Block scheduling. No Child Left Behind. Character education. iPads in the classroom. Standards-based instruction. Outcomes-based education.
Sound familiar? These are examples of once-new approaches to education that cooled off and dropped out of the conversation.
And now we have proficiency-based learning, promulgated through a Vermont state law that says it has to be used, starting with this year’s sophomore class. Says the Vermont Agency of Education: “The focus of proficiency-based learning is on students’ demonstration of desired learning outcomes. Students not only gain the skills, abilities and knowledge required in an area of study, but more importantly, those necessary to be successful in college, career, and civic life. Proficiency-based learning is designed to identify and address gaps in order to provide equitable learning opportunities for each and every student. This is in contrast to traditional systems which advance students based on seat time.”
Well, isn’t that a slap in the face to all the teachers in all the classrooms in all of Vermont since public education debuted in the 18th century. The Vermont Constitution, adopted in 1777, was the first in English-speaking North America to require public funding for universal education. According to today’s state education leaders, all those teachers did all this time was “advance students based on seat time.”
We beg to differ. Did you have a favorite teacher? A person who connected with you, inspired you, helped you expand your worldview, nudged you toward the life you’re leading now? Did you tell that teacher, “Thank you for the seat time”? Of course not. There was so much more to it.
There’s a whole cottage industry in education that comes up with new, got-to-have methodology. Most turn out to be fads that flame out like shooting stars. There’s something to all these methods, something worth saving, another arrow in the teaching quiver, but none is the be-all-and-end-all, and it was kind of pointless to pretend that this — this! — is the thing that’s going to make public education great again.
Methods are what you have to use when you’re not that great at teaching. Great teachers teach. The rest do the best they can, abetted by the latest methodology.
Proficiency-based learning is being adopted statewide. It substitutes 1-2-3-4 for grades of A-B-C-D-F, and augments those grades with an exhaustive list of questions on how well a student has mastered a particular skill and where he or she needs to improve. It takes an individual approach to the education of each student, all of which is fine for what happens in the classroom.
However, it’s not so fine in connecting with the public. Witness the nearly 100 parents who jammed into the Stowe Elementary School music room last week to talk about the new setup. It’s not so much the system, they said, but how it’s been rolled out, and how it could affect college admissions.

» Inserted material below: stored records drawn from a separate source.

(* Let $\sigma>0$, $k>0$, $\alpha\geq 0$, $\lambda\in\mathbb{R}$, and consider the linear parabolic partial differential equation for $u=u(t,x)$, $x>0$, $$u_t=\tfrac12\sigma^2x^2u_{xx}+kx(\alpha-x)u_x+\lambda x^2u .$$ Suppose $\alpha\neq0$ or $\lambda\neq\frac{k^2}{2\sigma^2}$. Then the Lie algebra of infinitesimal (point) symmetries of this equation is spanned by the two vector fields $V_1=\partial_t$ and $V_6=u\partial_u$, together with the infinite-dimensional subalgebra of vector fields $V_\varphi=\varphi(t,x)\partial_u$, where $\varphi(t,x)$ is an arbitrary solution of the equation.
   Context: An infinitesimal symmetry is a vector field $V=\tau(t,x,u)\partial_t+\xi(t,x,u)\partial_x+\phi(t,x,u)\partial_u$ generating a one-parameter group of transformations of $(t,x,u)$ that maps solutions of the equation to solutions; equivalently, the second prolongation of $V$ applied to $\tfrac12\sigma^2x^2u_{xx}+kx(\alpha-x)u_x+\lambda x^2u-u_t$ vanishes on solutions of the equation. *)

theory Defs
  imports "HOL-Analysis.Analysis"
begin

type_synonym pt = "real \<times> real \<times> real"

definition Dom :: "pt set" where
  "Dom = {(t, x, u). x > 0}"

(* coordinate i (0 = t, 1 = x, 2 = u) of a point, and the point with coordinate i replaced by s *)
definition coord :: "nat \<Rightarrow> pt \<Rightarrow> real" where
  "coord i p = (case p of (t, x, u) \<Rightarrow> if i = 0 then t else if i = 1 then x else u)"

definition along :: "nat \<Rightarrow> pt \<Rightarrow> real \<Rightarrow> pt" where
  "along i p s = (case p of (t, x, u) \<Rightarrow>
      if i = 0 then (s, x, u) else if i = 1 then (t, s, u) else (t, x, s))"

definition pd :: "nat \<Rightarrow> (pt \<Rightarrow> real) \<Rightarrow> pt \<Rightarrow> real" where
  "pd i f p = deriv (\<lambda>s. f (along i p s)) (coord i p)"

fun ipd :: "nat list \<Rightarrow> (pt \<Rightarrow> real) \<Rightarrow> pt \<Rightarrow> real" where
  "ipd [] f = f"
| "ipd (i # is) f = pd i (ipd is f)"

To her credit, school Superintendent Tracy Wrend, who also oversees Elmore-Morristown schools, said communications about the new system “have been insufficient at best, and ineffective.” She promised to do better, even though, like most Vermont school superintendents, she doesn’t easily embrace transparency.
The Stowe School Board basically dodged responsibility, saying principals and the supervisory union are developing the new system, and that’s where complaints should be addressed. That’s a tone-deaf response to the concerns raised by the community. See above.
Schools need to think about an outward-facing grading system, the information they give parents and taxpayers about how the kids are doing. But they’re not going to have that; they’re going to retreat behind a wall of impenetrable language that further separates the public from what goes on in the schools they fund.
It’s getting harder and harder for our newspaper to cover education because, like urban planners or filmmakers, educators don’t speak in conversational English. They are developing an arcane lingo all their own, and the first thing our reporters have to do is to translate it so our readers can understand what’s going on.
A suggestion for our schools: We all understand the grading system as it has existed from time immemorial, so why not keep it for communicating with the public, so normal people can easily track how well a kid is doing? Then, there could be a teachers-only grading system that goes into much greater detail, as the proficiency grading system purports to do.
But please, give us the executive summary.